Patients commonly do not use, lock, or discard their postoperative prescription opioids, according to a recent systematic review.
Researchers reviewed six studies of 810 unique patients (range, 30 to 250 patients) undergoing seven different types of surgical procedures to assessed opioid oversupply. They defined the primary outcome, opioid oversupply, as the number of patients who did not fill their opioid prescriptions or filled but did not use them. Results were published online on Aug. 2 by JAMA Surgery.
Overall, 67% to 92% of patients in the studies reported unused opioids. Of the opioids that patients did obtain, 42% to 71% were not used. Most patients who stopped or did not use opioids (71% to 83%) reported doing so because their pain was adequately controlled. About 16% to 29% of patients reported concerns about opioid-induced adverse effects.
Two studies that looked at storage safety found that 73% to 77% of patients reported that their prescription opioids were not stored in locked containers. Only 4% to 9% of patients considered or used FDA-recommended disposal methods.
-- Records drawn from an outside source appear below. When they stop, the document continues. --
(* Let A be a rate and window assignment algorithm for the multi-rate fluid model which, for any task system $\tau$ and number of processors $m$, is guaranteed to return some assignment satisfying (S1)–(S5) whenever there exists at least one assignment such that $\theta_{i,j}^H=\theta_i^H$ for all $\tau_i\in\tau_H$ and all $1\le j\le n_H$, $w_j=0$ for all $1\le j\le n_H$, and (S1)–(S5) hold. Then A dominates MC-Fluid (every task system schedulable under MC-Fluid on $m$ processors is schedulable under A on $m$ processors), and A has a speed-up bound of $4/3$.
   Context: Dual-criticality implicit-deadline sporadic task system $\tau$ on $m$ identical processors; each task $\tau_i$ has period/deadline $T_i>0$, criticality in $\{LO,HI\}$, WCETs $C_i^L\le C_i^H$ ($=$ for LO-tasks), $u_i^L=C_i^L/T_i\le1$, $u_i^H=C_i^H/T_i\le1$; $\tau_H$ the HI-tasks, $n_H=|\tau_H|$. A multi-rate assignment consists of LO-mode rates $\theta_i^L\in(0,1]$ ($\tau_i\in\tau$), transition rates $\theta_{i,j}^H\in[0,1]$ and HI rates $\theta_i^H\in(0,1]$ ($\tau_i\in\tau_H$, $1\le j\le n_H$), and window durations $w_j\ge0$. The earliest completion window of $\tau_i\in\tau_H$ is the largest $k_i\in\{1,\dots,n_H+1\}$ with $\sum_{j<k_i}w_j<T_i-C_i^L/\theta_i^L$; $R_i=\theta_{i,k_i}^H$ if $k_i\le n_H$, else $\theta_i^H$; $\theta_{i,n_H+1}^H:=\theta_i^H$. Conditions: (S1) $\theta_i^L\ge u_i^L$ for all $\tau_i\in\tau$; (S2) $\sum_{\tau}\theta_i^L\le m$; (S3) $\sum_{\tau_H}\theta_{i,j}^H\le m$ for all $j$ and $\sum_{\tau_H}\theta_i^H\le m$; (S4) for all $\tau_i\in\tau_H$: $\sum_{j<k_i}\theta_{i,j}^Hw_j+R_i(T_i-C_i^L/\theta_i^L-\sum_{j<k_i}w_j)\ge C_i^H-C_i^L$, $\theta_i^L\le\theta_{i,j}^H$ for $k_i\le j\le n_H$, $\theta_i^L\le\theta_i^H$; (S5) for all $\tau_i\in\tau_H$: $\sum_{j<k_i}\theta_{i,j}^Hw_j\ge u_i^H\sum_{j<k_i}w_j$, $\theta_{i,j}^H\le\theta_{i,j+1}^H$ for $1\le j<k_i$, $\theta_{i,j}^H\ge u_i^H$ for $k_i\le j\le n_H$, $\theta_i^H\ge u_i^H$. A task system is schedulable under A if A returns an assignment satisfying (S1)–(S5). MC-Fluid is the dual-rate fluid rate-assignment algorithm of Lee et al.; a task system is schedulable under MC-Fluid exactly when MC-Fluid returns rates $\theta_i^L$ ($\tau_i\in\tau$), $\theta_i^H$ ($\tau_i\in\tau_H$) satisfying: $\theta_i^L\ge u_i^L$ for all $\tau_i\in\tau$; $u_i^L/\theta_i^L+(u_i^H-u_i^L)/\theta_i^H\le1$ and $\theta_i^H\ge\theta_i^L$ for all $\tau_i\in\tau_H$; $\sum_{\tau}\theta_i^L\le m$; $\sum_{\tau_H}\theta_i^H\le m$. It is known from prior work that MC-Fluid has speed-up bound $4/3$. An algorithm has speed-up bound $s$ if every task system that is MC-schedulable by some algorithm on $m$ unit-speed processors (every job receives $C_i^L$ by its deadline in LO-mode and every HI-job receives $C_i^H$ by its deadline in HI-mode) is deemed schedulable by the algorithm on $m$ processors of speed $s$. *)

theory Defs
  imports Complex_Main
begin

record task =
  per :: real        (* period = deadline T_i *)
  CL  :: real
  CH  :: real
  hi  :: bool        (* criticality: True = HI, False = LO *)

type_synonym taskset = "task list"

definition uL :: "task \<Rightarrow> real" where "uL t = CL t / per t"
definition uH :: "task \<Rightarrow> real" where "uH t = CH t / per t"

definition wf_task :: "task \<Rightarrow> bool" where
  "wf_task t \<longleftrightarrow> per t > 0 \<and> 0 \<le> CL t \<and> CL t \<le> CH t \<and> (\<not> hi t \<longrightarrow> CH t = CL t)
      \<and> uL t \<le> 1 \<and> uH t \<le> 1"

definition wf_taskset :: "taskset \<Rightarrow> bool" where
  "wf_taskset ts \<longleftrightarrow> (\<forall>t\<in>set ts. wf_task t)"

definition Tall :: "taskset \<Rightarrow> nat set" where "Tall ts = {i. i < length ts}"
definition THI :: "taskset \<Rightarrow> nat set" where "THI ts = {i. i < length ts \<and> hi (ts ! i)}"
definition nH :: "taskset \<Rightarrow> nat" where "nH ts = card (THI ts)"

record mr_assign =
  thL  :: "nat \<Rightarrow> real"
  thHj :: "nat \<Rightarrow> nat \<Rightarrow> real"    (* theta_{i,j}^H, 1 <= j <= n_H *)
  thH  :: "nat \<Rightarrow> real"
  win  :: "nat \<Rightarrow> real"            (* w_j, 1 <= j <= n_H *)

(* theta_{i,j}^H with the convention theta_{i,n_H+1}^H := theta_i^H *)
definition thHx :: "taskset \<Rightarrow> mr_assign \<Rightarrow> nat \<Rightarrow> nat \<Rightarrow> real" where
  "thHx ts a i j = (if j = nH ts + 1 then thH a i else thHj a i j)"

definition slackL :: "taskset \<Rightarrow> mr_assign \<Rightarrow> nat \<Rightarrow> real" where
  "slackL ts a i = per (ts ! i) - CL (ts ! i) / thL a i"

(* earliest completion window k_i: largest k in {1..n_H+1} with sum_{j<k} w_j < T_i - C_i^L/theta_i^L
   (default 1 if no such k exists) *)
definition kcand :: "taskset \<Rightarrow> mr_assign \<Rightarrow> nat \<Rightarrow> nat \<Rightarrow> bool" where
  "kcand ts a i k \<longleftrightarrow> k \<in> {1..nH ts + 1} \<and> (\<Sum>j\<in>{1..<k}. win a j) < slackL ts a i"

definition kidx :: "taskset \<Rightarrow> mr_assign \<Rightarrow> nat \<Rightarrow> nat" where
  "kidx ts a i = (if \<exists>k. kcand ts a i k then (GREATEST k. kcand ts a i k) else 1)"

definition Rrate :: "taskset \<Rightarrow> mr_assign \<Rightarrow> nat \<Rightarrow> real" where
  "Rrate ts a i = thHx ts a i (kidx ts a i)"

definition mr_domain :: "taskset \<Rightarrow> mr_assign \<Rightarrow> bool" where
  "mr_domain ts a \<longleftrightarrow>
     (\<forall>i\<in>Tall ts. 0 < thL a i \<and> thL a i \<le> 1) \<and>
     (\<forall>i\<in>THI ts. (\<forall>j\<in>{1..nH ts}. 0 \<le> thHj a i j \<and> thHj a i j \<le> 1)
                  \<and> 0 < thH a i \<and> thH a i \<le> 1) \<and>
     (\<forall>j\<in>{1..nH ts}. 0 \<le> win a j)"

definition S1 :: "taskset \<Rightarrow> mr_assign \<Rightarrow> bool" where
  "S1 ts a \<longleftrightarrow> (\<forall>i\<in>Tall ts. thL a i \<ge> uL (ts ! i))"

definition S2 :: "taskset \<Rightarrow> nat \<Rightarrow> mr_assign \<Rightarrow> bool" where
  "S2 ts m a \<longleftrightarrow> (\<Sum>i\<in>Tall ts. thL a i) \<le> real m"

definition S3 :: "taskset \<Rightarrow> nat \<Rightarrow> mr_assign \<Rightarrow> bool" where
  "S3 ts m a \<longleftrightarrow> (\<forall>j\<in>{1..nH ts}. (\<Sum>i\<in>THI ts. thHj a i j) \<le> real m)
                  \<and> (\<Sum>i\<in>THI ts. thH a i) \<le> real m"

definition S4 :: "taskset \<Rightarrow> mr_assign \<Rightarrow> bool" where
  "S4 ts a \<longleftrightarrow> (\<forall>i\<in>THI ts.
     (let k = kidx ts a i in
       (\<Sum>j\<in>{1..<k}. thHj a i j * win a j)
         + Rrate ts a i * (slackL ts a i - (\<Sum>j\<in>{1..<k}. win a j))
         \<ge> CH (ts ! i) - CL (ts ! i)
       \<and> (\<forall>j\<in>{k..nH ts}. thL a i \<le> thHj a i j)
       \<and> thL a i \<le> thH a i))"

definition S5 :: "taskset \<Rightarrow> mr_assign \<Rightarrow> bool" where
  "S5 ts a \<longleftrightarrow> (\<forall>i\<in>THI ts.
     (let k = kidx ts a i in
       (\<Sum>j\<in>{1..<k}. thHj a i j * win a j) \<ge> uH (ts ! i) * (\<Sum>j\<in>{1..<k}. win a j)
       \<and> (\<forall>j\<in>{1..<k}. thHx ts a i j \<le> thHx ts a i (j + 1))
       \<and> (\<forall>j\<in>{k..nH ts}. thHj a i j \<ge> uH (ts ! i))
       \<and> thH a i \<ge> uH (ts ! i)))"

definition mr_valid :: "taskset \<Rightarrow> nat \<Rightarrow> mr_assign \<Rightarrow> bool" where
  "mr_valid ts m a \<longleftrightarrow> mr_domain ts a \<and> S1 ts a \<and> S2 ts m a \<and> S3 ts m a \<and> S4 ts a \<and> S5 ts a"

definition dual_rate_form :: "taskset \<Rightarrow> mr_assign \<Rightarrow> bool" where
  "dual_rate_form ts a \<longleftrightarrow>
     (\<forall>i\<in>THI ts. \<forall>j\<in>{1..nH ts}. thHj a i j = thH a i) \<and> (\<forall>j\<in>{1..nH ts}. win a j = 0)"

type_synonym mr_algorithm = "taskset \<Rightarrow> nat \<Rightarrow> mr_assign option"

definition mr_sched :: "mr_algorithm \<Rightarrow> taskset \<Rightarrow> nat \<Rightarrow> bool" where
  "mr_sched A ts m \<longleftrightarrow> (\<exists>a. A ts m = Some a \<and> mr_valid ts m a)"

(* MC-Fluid returns LO rates and HI rates *)
type_synonym fluid_algorithm = "taskset \<Rightarrow> nat \<Rightarrow> ((nat \<Rightarrow> real) \<times> (nat \<Rightarrow> real)) option"

definition mcf_valid :: "taskset \<Rightarrow> nat \<Rightarrow> (nat \<Rightarrow> real) \<Rightarrow> (nat \<Rightarrow> real) \<Rightarrow> bool" where
  "mcf_valid ts m rL rH \<longleftrightarrow>
     (\<forall>i\<in>Tall ts. 0 < rL i \<and> rL i \<le> 1 \<and> rL i \<ge> uL (ts ! i)) \<and>
     (\<forall>i\<in>THI ts. 0 < rH i \<and> rH i \<le> 1
        \<and> uL (ts ! i) / rL i + (uH (ts ! i) - uL (ts ! i)) / rH i \<le> 1
        \<and> rH i \<ge> rL i) \<and>
     (\<Sum>i\<in>Tall ts. rL i) \<le> real m \<and>
     (\<Sum>i\<in>THI ts. rH i) \<le> real m"

definition mcf_sched :: "fluid_algorithm \<Rightarrow> taskset \<Rightarrow> nat \<Rightarrow> bool" where
  "mcf_sched F ts m \<longleftrightarrow> (\<exists>rL rH. F ts m = Some (rL, rH) \<and> mcf_valid ts m rL rH)"

(* running on processors of speed s = scaling all WCETs by 1/s *)
definition scale :: "real \<Rightarrow> taskset \<Rightarrow> taskset" where
  "scale s ts = map (\<lambda>t. t\<lparr>CL := CL t / s, CH := CH t / s\<rparr>) ts"

(* sched has speed-up bound s w.r.t. the MC-feasibility notion Feas
   (Feas ts m: ts is MC-schedulable by some algorithm on m unit-speed processors) *)
definition speedup_bound :: "(taskset \<Rightarrow> nat \<Rightarrow> bool) \<Rightarrow> (taskset \<Rightarrow> nat \<Rightarrow> bool) \<Rightarrow> real \<Rightarrow> bool" where
  "speedup_bound Feas sched s \<longleftrightarrow>
     (\<forall>ts m. wf_taskset ts \<longrightarrow> Feas ts m \<longrightarrow> sched (scale s ts) m)"

end

theory Submission
  imports Defs
begin

text \<open>An MC-Fluid rate pair \<open>(\<theta>\<^sup>L, \<theta>\<^sup>H)\<close> is a multi-rate assignment of dual-rate form: keep
  \<open>\<theta>\<^sup>H\<close> in every transition window and give all windows length zero. Then \<open>R\<^sub>i = \<theta>\<^sub>i\<^sup>H\<close>
  whatever \<open>k\<^sub>i\<close> is, and (S4), (S5) reduce to the MC-Fluid conditions, so an algorithm that is
  optimal among dual-rate assignments dominates MC-Fluid. As the scaled task systems stay
  well formed, it inherits the speed-up bound \<open>4/3\<close> of MC-Fluid.\<close>

lemma fluid_HI_budget:
  fixes T cl ch rl rh :: real
  assumes "0 < T" "0 < rl" "0 < rh"
    and "(cl / T) / rl + (ch / T - cl / T) / rh \<le> 1"
  shows "ch - cl \<le> rh * (T - cl / rl)"
proof -
  have "cl / rl + (ch - cl) / rh \<le> T"
    using assms by (simp add: field_simps)
  then have "(ch - cl) / rh \<le> T - cl / rl" by linarith
  then show ?thesis using \<open>0 < rh\<close> by (simp add: pos_divide_le_eq mult.commute)
qed

lemma fluid_HI_rate_ge_util:
  fixes ul uh rl rh :: real
  assumes "0 \<le> ul" "0 < rl" "rl \<le> rh"
    and "ul / rl + (uh - ul) / rh \<le> 1"
  shows "uh \<le> rh"
proof -
  have "ul / rh \<le> ul / rl"
    using assms(1-3) by (simp add: divide_left_mono)
  then have "uh / rh \<le> 1"
    using assms(4) by (simp add: diff_divide_distrib)
  then show ?thesis using assms(2,3) by (simp add: divide_le_eq)
qed

definition dual_rate_assign :: "(nat \<Rightarrow> real) \<Rightarrow> (nat \<Rightarrow> real) \<Rightarrow> mr_assign" where
  "dual_rate_assign rL rH = \<lparr>thL = rL, thHj = (\<lambda>i j. rH i), thH = rH, win = (\<lambda>j. 0)\<rparr>"

lemma dual_rate_assign_simps [simp]:
  "thL (dual_rate_assign rL rH) = rL"
  "thHj (dual_rate_assign rL rH) i j = rH i"
  "thH (dual_rate_assign rL rH) = rH"
  "win (dual_rate_assign rL rH) j = 0"
  "thHx ts (dual_rate_assign rL rH) i j = rH i"
  "Rrate ts (dual_rate_assign rL rH) i = rH i"
  by (simp_all add: dual_rate_assign_def thHx_def Rrate_def)

lemma dual_rate_form_dual_rate_assign: "dual_rate_form ts (dual_rate_assign rL rH)"
  by (simp add: dual_rate_form_def)

lemma mr_valid_dual_rate_assign:
  assumes wf: "wf_taskset ts" and valid: "mcf_valid ts m rL rH"
  shows "mr_valid ts m (dual_rate_assign rL rH)"
proof -
  let ?a = "dual_rate_assign rL rH"
  have HI_task: "CH (ts ! i) - CL (ts ! i) \<le> rH i * slackL ts ?a i
      \<and> rL i \<le> rH i \<and> uH (ts ! i) \<le> rH i" if "i \<in> THI ts" for i
  proof -
    from that wf have "wf_task (ts ! i)"
      by (auto simp: THI_def wf_taskset_def)
    then have "0 < per (ts ! i)" "0 \<le> uL (ts ! i)"
      by (simp_all add: wf_task_def uL_def)
    moreover from that valid have "0 < rL i" "0 < rH i" "rL i \<le> rH i"
      "uL (ts ! i) / rL i + (uH (ts ! i) - uL (ts ! i)) / rH i \<le> 1"
      by (auto simp: mcf_valid_def Tall_def THI_def)
    ultimately have "CH (ts ! i) - CL (ts ! i) \<le> rH i * (per (ts ! i) - CL (ts ! i) / rL i)"
        "uH (ts ! i) \<le> rH i"
      by (auto simp: uL_def uH_def intro: fluid_HI_budget fluid_HI_rate_ge_util)
    then show ?thesis
      using \<open>rL i \<le> rH i\<close> by (simp add: slackL_def)
  qed
  have "S4 ts ?a" "S5 ts ?a"
    using HI_task by (simp_all add: S4_def S5_def)
  moreover have "mr_domain ts ?a" "S1 ts ?a" "S2 ts m ?a" "S3 ts m ?a"
    using valid by (auto simp: mcf_valid_def mr_domain_def S1_def S2_def S3_def)
  ultimately show ?thesis by (simp add: mr_valid_def)
qed

lemma wf_task_scale:
  assumes "wf_task t" "1 \<le> s"
  shows "wf_task (t\<lparr>CL := CL t / s, CH := CH t / s\<rparr>)"
proof -
  from assms(1) have "0 < per t" "CH t \<le> per t"
    by (auto simp: wf_task_def uH_def divide_le_eq)
  moreover have "per t \<le> s * per t"
    using \<open>0 < per t\<close> assms(2) by simp
  ultimately have "CH t \<le> s * per t" by linarith
  then show ?thesis
    using assms by (auto simp: wf_task_def uL_def uH_def divide_le_eq divide_right_mono)
qed

lemma wf_taskset_scale: "wf_taskset ts \<Longrightarrow> 1 \<le> s \<Longrightarrow> wf_taskset (scale s ts)"
  by (auto simp: wf_taskset_def scale_def wf_task_scale)

lemma speedup_bound_dominating:
  assumes "speedup_bound Feas P s" "1 \<le> s"
    and "\<And>ts m. wf_taskset ts \<Longrightarrow> P ts m \<Longrightarrow> Q ts m"
  shows "speedup_bound Feas Q s"
  using assms wf_taskset_scale unfolding speedup_bound_def by blast

theorem lemma3:
  fixes A :: mr_algorithm
    and MCF :: fluid_algorithm
    and Feas :: "taskset \<Rightarrow> nat \<Rightarrow> bool"
  assumes A_opt: "\<And>ts m. wf_taskset ts \<Longrightarrow>
                    (\<exists>a. dual_rate_form ts a \<and> mr_valid ts m a) \<Longrightarrow> mr_sched A ts m"
    and MCF_speedup: "speedup_bound Feas (mcf_sched MCF) (4/3)"
  shows "(\<forall>ts m. wf_taskset ts \<longrightarrow> mcf_sched MCF ts m \<longrightarrow> mr_sched A ts m)
         \<and> speedup_bound Feas (mr_sched A) (4/3)"
proof -
  have dominates: "mr_sched A ts m" if "wf_taskset ts" "mcf_sched MCF ts m" for ts m
    using that A_opt dual_rate_form_dual_rate_assign mr_valid_dual_rate_assign
    unfolding mcf_sched_def by blast
  moreover have "speedup_bound Feas (mr_sched A) (4/3)"
    using speedup_bound_dominating[OF MCF_speedup] dominates by simp
  ultimately show ?thesis by blast
qed

end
The study authors noted limitations to their analysis, such as the intermediate rather than high methodological quality of the studies they reviewed and heterogeneity among the studies. They added that the studies did not report leftover morphine equivalents or more granular data on unused opioid pill counts.
“Increased efforts are needed to develop and disseminate best practices to reduce the oversupply of opioids after surgery, especially given how commonly opioid analgesics prescribed by clinicians are diverted for nonmedical use and may contribute to opioid-associated injuries and deaths,” the study authors wrote.
In related news, the President's Commission on Combating Drug Addiction and the Opioid Crisis recently released an interim report outlining draft recommendations for federal action. The recommendations to the president include declaring a national emergency, rapidly increasing treatment capacity, mandating prescriber education initiatives, and funding a federal incentive to enhance access to medication-assisted treatment.